Multi-Role Governance
4-tier Role-Based Access Control (RBAC) — Admin, Manager, Analyst, and Auditor — enforcing strict separation of duties within the laboratory workflow.
Architecture
Frontend: Next.js 14 (App Router) with TypeScript, Tailwind CSS, and Zustand state management. Backend: Python FastAPI with Pydantic v2 validation and SQLAlchemy 2.0 Async ORM. AI/ML: YOLOv8s model via PyTorch and OpenCV. Database: PostgreSQL 15 (ACID-compliant). Infrastructure: Docker containers deployed on Railway (backend) and Vercel (frontend) with AWS S3 (AES-256 encrypted) for image storage.
How to Use
Upload agar plate images through the web dashboard (colonyai-eta.vercel.app). The system automatically processes the image through CLAHE preprocessing, detects the agar plate boundary using Hough Circle Transform, runs the YOLOv8 inference engine, and generates a standardized CFU/ml report in under 2 minutes.

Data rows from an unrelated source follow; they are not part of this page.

definition convex_fn :: "('a::real_vector \<Rightarrow> ereal) \<Rightarrow> bool" where
  "convex_fn X \<longleftrightarrow> (\<forall>x y t. 0 < t \<and> t < 1 \<longrightarrow>
      X ((1 - t) *\<^sub>R x + t *\<^sub>R y) \<le> ereal (1 - t) * X x + ereal t * X y)"

definition closed_fn :: "('a::topological_space \<Rightarrow> ereal) \<Rightarrow> bool" where
  "closed_fn X \<longleftrightarrow> closed {(x, r::real). X x \<le> ereal r}"

definition dom_fn :: "('a \<Rightarrow> ereal) \<Rightarrow> 'a set" where
  "dom_fn X = {x. X x \<noteq> \<infinity>}"

definition prox_map :: "('a::real_inner \<Rightarrow> ereal) \<Rightarrow> 'a \<Rightarrow> 'a \<Rightarrow> real \<Rightarrow> 'a" where
  "prox_map X x y c = (SOME u. \<forall>v.
      ereal (inner y u + (norm (u - x))\<^sup>2 / (2 * c)) + X u
        \<le> ereal (inner y v + (norm (v - x))\<^sup>2 / (2 * c)) + X v)"

definition grad_map :: "('a::real_inner \<Rightarrow> ereal) \<Rightarrow> 'a \<Rightarrow> 'a \<Rightarrow> real \<Rightarrow> 'a" where
  "grad_map X x y c = (1 / c) *\<^sub>R (x - prox_map X x y c)"

end

theory Submission
  imports Defs
begin

(* Each iteration of the composite AG method combines the descent lemma for \<Psi> at the point
   xmd k, the three-point property of the prox map (minimality plus convexity of X) at xag k and
   at xs k, and convexity of X along the segment from xag (k - 1) to xs k.  Multiplied by the
   weight k (k + 1) / 2, the resulting one-step inequality telescopes in the potential
   k (k + 1) / 2 \<cdot> (\<Phi> (xag k) - \<Phi> xstar) + 2 L \<parallel>xs k - xstar\<parallel>\<^sup>2; the nonconvexity of f only costs
   errors of size L_f k (\<parallel>xstar\<parallel>\<^sup>2 + M\<^sup>2), because all iterates stay in the ball of radius M.  Every
   step also releases (L/2) \<parallel>xag k - xmd k\<parallel>\<^sup>2, which is the squared gradient mapping divided by
   8 L, so the weighted sum of squared gradient mappings is bounded and the minimum is at most this
   bound divided by the sum of the weights, N (N + 1) (N + 2) / 6.  For L_f = 0 the error terms
   vanish and the potential bound is the O(1/N\<^sup>2) rate for the objective gap. *)

lemma nonneg_if_nonneg_add_small_multiple:
  fixes A B :: real
  assumes "\<And>t. 0 < t \<Longrightarrow> t < 1 \<Longrightarrow> 0 \<le> A + t * B"
  shows "0 \<le> A"
proof (rule tendsto_lowerbound)
  show "((\<lambda>t. A + t * B) \<longlongrightarrow> A) (at_right 0)"
    by (auto intro!: tendsto_eq_intros)
  show "\<forall>\<^sub>F t in at_right 0. 0 \<le> A + t * B"
    using eventually_at_right_real[OF zero_less_one] by eventually_elim (use assms in auto)
qed simp

lemma proper_fn_finite:
  assumes "proper_fn X" "X v \<noteq> \<infinity>"
  shows "X v = ereal (real_of_ereal (X v))"
  using assms unfolding proper_fn_def by (cases "X v") auto

lemma closed_fn_sublevel_plus_continuous:
  fixes X :: "'a::topological_space \<Rightarrow> ereal" and g :: "'a \<Rightarrow> real"
  assumes "closed_fn X" and "continuous_on UNIV g"
  shows "closed {u. X u \<le> ereal (r - g u)}"
proof -
  have "closed ((\<lambda>u. (u, r - g u)) -` {(x, r::real). X x \<le> ereal r})"
    using assms unfolding closed_fn_def by (intro closed_vimage continuous_intros)
  moreover have "(\<lambda>u. (u, r - g u)) -` {(x, r::real). X x \<le> ereal r} = {u. X u \<le> ereal (r - g u)}"
    by auto
  ultimately show ?thesis by simp
qed

lemma continuous_plus_closed_fn_has_minimizer:
  fixes X :: "'a::heine_borel \<Rightarrow> ereal" and g :: "'a \<Rightarrow> real"
  assumes X: "proper_fn X" "closed_fn X" "bounded (dom_fn X)"
    and g: "continuous_on UNIV g"
  shows "\<exists>u. \<forall>v. ereal (g u) + X u \<le> ereal (g v) + X v"
proof -
  \<comment> \<open>The sublevel sets \<open>F r\<close> for values \<open>r\<close> above the infimum are closed and meet the compact
    set \<open>closure (dom_fn X)\<close> with the finite intersection property.\<close>
  define I where "I = {r::real. \<exists>v. ereal (g v) + X v < ereal r}"
  define F where "F r = {u. X u \<le> ereal (r - g u)}" for r
  have dom_in_closure: "v \<in> closure (dom_fn X)" if "X v \<noteq> \<infinity>" for v
    using that closure_subset[of "dom_fn X"] by (auto simp: dom_fn_def)
  have "closed (F r)" for r
    unfolding F_def using X(2) g by (rule closed_fn_sublevel_plus_continuous)
  moreover have "closure (dom_fn X) \<inter> \<Inter> (F ` I') \<noteq> {}" if "finite I'" "I' \<subseteq> I" for I'
  proof (cases "I' = {}")
    case True
    from X(1) obtain v where "X v \<noteq> \<infinity>" unfolding proper_fn_def by auto
    then show ?thesis using True dom_in_closure by auto
  next
    case False
    then have "Min I' \<in> I" using Min_in[OF that(1)] that(2) by blast
    then obtain v where v: "ereal (g v) + X v < ereal (Min I')" unfolding I_def by auto
    have "v \<in> F r" if "r \<in> I'" for r
    proof -
      have "ereal (g v) + X v < ereal r"
        using v Min_le[OF \<open>finite I'\<close> that] by (meson ereal_less_eq(3) less_le_trans)
      then show ?thesis unfolding F_def by (cases "X v") (auto simp: algebra_simps)
    qed
    moreover have "X v \<noteq> \<infinity>" using v by auto
    ultimately show ?thesis using dom_in_closure by auto
  qed
  ultimately have "closure (dom_fn X) \<inter> \<Inter> (F ` I) \<noteq> {}"
    using compact_imp_fip_image[of "closure (dom_fn X)" I F] X(3) by (auto simp: compact_closure)
  then obtain u where u: "\<And>r. r \<in> I \<Longrightarrow> X u \<le> ereal (r - g u)" unfolding F_def by auto
  have "ereal (g u) + X u \<le> ereal (g v) + X v" for v
  proof (cases "X v")
    case (real xv)
    show ?thesis
    proof (rule ereal_le_epsilon2)
      fix e :: real assume "0 < e"
      then have "g v + xv + e \<in> I" unfolding I_def using real by (intro CollectI exI[of _ v]) auto
      then show "ereal (g u) + X u \<le> ereal (g v) + X v + ereal e"
        using u real by (cases "X u") force+
    qed
  next
    case MInf then show ?thesis using X(1) unfolding proper_fn_def by auto
  qed simp
  then show ?thesis by blast
qed

lemma norm_add_power2:
  fixes a b :: "'a::real_inner"
  shows "(norm (a + b))\<^sup>2 = (norm a)\<^sup>2 + 2 * inner a b + (norm b)\<^sup>2"
  using dot_norm[of a b] by simp

lemma norm_add_power2_le:
  fixes a b :: "'a::real_normed_vector"
  shows "(norm (a + b))\<^sup>2 \<le> 2 * (norm a)\<^sup>2 + 2 * (norm b)\<^sup>2"
proof -
  have "(norm (a + b))\<^sup>2 \<le> (norm a + norm b)\<^sup>2"
    using norm_triangle_ineq by (intro power_mono) auto
  also have "\<dots> \<le> 2 * (norm a)\<^sup>2 + 2 * (norm b)\<^sup>2"
    using sum_squares_bound[of "norm a" "norm b"] by (simp add: power2_sum)
  finally show ?thesis .
qed

lemma prox_map_minimizes:
  fixes X :: "'a::{real_inner,heine_borel} \<Rightarrow> ereal" and x y :: 'a and c :: real
  assumes "proper_fn X" "closed_fn X" "bounded (dom_fn X)"
  defines "p \<equiv> prox_map X x y c"
  shows "ereal (inner y p + (norm (p - x))\<^sup>2 / (2 * c)) + X p
        \<le> ereal (inner y v + (norm (v - x))\<^sup>2 / (2 * c)) + X v"
proof -
  have "\<exists>u. \<forall>v. ereal (inner y u + (norm (u - x))\<^sup>2 / (2 * c)) + X u
        \<le> ereal (inner y v + (norm (v - x))\<^sup>2 / (2 * c)) + X v"
    using assms(1-3) unfolding divide_inverse
    by (intro continuous_plus_closed_fn_has_minimizer) (auto intro!: continuous_intros)
  from someI_ex[OF this] show ?thesis unfolding p_def prox_map_def by blast
qed

lemma prox_map_in_dom:
  fixes X :: "'a::{real_inner,heine_borel} \<Rightarrow> ereal"
  assumes "proper_fn X" "closed_fn X" "bounded (dom_fn X)"
  shows "X (prox_map X x y c) \<noteq> \<infinity>"
proof -
  from assms(1) obtain u where "X u \<noteq> \<infinity>" unfolding proper_fn_def by auto
  then show ?thesis
    using prox_map_minimizes[OF assms, of y x c u] by auto
qed

lemma prox_map_three_point:
  fixes X :: "'a::{real_inner,heine_borel} \<Rightarrow> ereal" and x y u :: 'a and c :: real
  assumes X: "proper_fn X" "closed_fn X" "bounded (dom_fn X)" "convex_fn X"
    and c: "c > 0" and u: "X u \<noteq> \<infinity>"
  defines "p \<equiv> prox_map X x y c"
  shows "inner y p + real_of_ereal (X p) + (norm (p - x))\<^sup>2 / (2 * c) + (norm (u - p))\<^sup>2 / (2 * c)
        \<le> inner y u + real_of_ereal (X u) + (norm (u - x))\<^sup>2 / (2 * c)"
proof -
  define q where "q v = inner y v + (norm (v - x))\<^sup>2 / (2 * c)" for v
  define d where "d = u - p"
  define A where "A = inner y d + inner (p - x) d / c"
  define B where "B = (norm d)\<^sup>2 / (2 * c)"
  obtain xu xp where xu: "X u = ereal xu" and xp: "X p = ereal xp"
    using proper_fn_finite[OF X(1) u] proper_fn_finite[OF X(1) prox_map_in_dom[OF X(1-3)]]
    unfolding p_def by blast
  have q_line: "q (p + t *\<^sub>R d) = q p + t * A + t\<^sup>2 * B" for t
  proof -
    have "(norm (p + t *\<^sub>R d - x))\<^sup>2 = (norm (p - x))\<^sup>2 + 2 * t * inner (p - x) d + t\<^sup>2 * (norm d)\<^sup>2"
      using norm_add_power2[of "p - x" "t *\<^sub>R d"] by (simp add: algebra_simps power_mult_distrib)
    then show ?thesis
      unfolding q_def A_def B_def using c by (simp add: inner_add_right field_simps)
  qed
  \<comment> \<open>Compare \<open>p\<close> with the points \<open>p + t (u - p)\<close> of the segment and divide by \<open>t\<close>.\<close>
  have "0 \<le> A + (xu - xp) + t * B" if t: "0 < t" "t < 1" for t
  proof -
    have "p + t *\<^sub>R d = (1 - t) *\<^sub>R p + t *\<^sub>R u"
      unfolding d_def by (simp add: algebra_simps)
    then have "X (p + t *\<^sub>R d) \<le> ereal (1 - t) * X p + ereal t * X u"
      using X(4) t unfolding convex_fn_def by simp
    also have "\<dots> = ereal ((1 - t) * xp + t * xu)"
      using xp xu by simp
    finally have "ereal (q (p + t *\<^sub>R d)) + X (p + t *\<^sub>R d)
        \<le> ereal (q (p + t *\<^sub>R d)) + ereal ((1 - t) * xp + t * xu)"
      by (rule add_left_mono)
    with prox_map_minimizes[OF X(1-3), of y x c "p + t *\<^sub>R d"]
    have "ereal (q p) + X p \<le> ereal (q (p + t *\<^sub>R d)) + ereal ((1 - t) * xp + t * xu)"
      unfolding p_def[symmetric] q_def[symmetric] by (rule order_trans)
    then have "0 \<le> t * (A + (xu - xp) + t * B)"
      unfolding q_line xp by (simp add: algebra_simps power2_eq_square)
    with t show ?thesis by (simp add: zero_le_mult_iff)
  qed
  then have "0 \<le> A + (xu - xp)"
    by (rule nonneg_if_nonneg_add_small_multiple)
  moreover have "q u = q p + A + B"
    using q_line[of 1] unfolding d_def by simp
  ultimately show ?thesis
    using xu xp c unfolding q_def B_def d_def by (simp add: norm_minus_commute)
qed

lemma has_real_derivative_along_line:
  fixes F :: "'a::real_inner \<Rightarrow> real"
  assumes "\<And>x. (F has_derivative (\<lambda>v. inner (G x) v)) (at x)"
  shows "((\<lambda>t. F (x + t *\<^sub>R d)) has_real_derivative inner (G (x + t *\<^sub>R d)) d) (at t)"
proof -
  have "((\<lambda>t. F (x + t *\<^sub>R d)) has_derivative (\<lambda>s. inner (G (x + t *\<^sub>R d)) (s *\<^sub>R d))) (at t)"
    by (rule has_derivative_compose[OF _ assms]) (auto intro!: derivative_eq_intros)
  then show ?thesis
    unfolding has_field_derivative_def by (rule has_derivative_eq_rhs) (simp add: fun_eq_iff)
qed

Users can review detected colonies, accept or reject auto-classifications, and export results as PDF (BPOM/SNI compliant) or CSV. The system supports batch processing for multiple plates simultaneously.
Impact & Results
Transforms microbiology laboratory workflows by reducing colony counting time from 15-30 minutes per plate to under 2 minutes — a 90%+ reduction in analysis time. Inter-analyst variability dropped from 22.7-80% CV to near-zero consistency. The SA-001 area-based merged colony estimation algorithm accurately handles overlapping colonies that would stump traditional thresholding methods. The SHA-256 cryptographic hash chaining audit trail ensures ISO 17025 compliance with tamper-evident logging. Artifact rejection precision exceeds 90%, preventing false positives from bubbles, dust, and media cracks. The system was officially submitted to the AI Open Innovation Challenge 2026 by Team President University.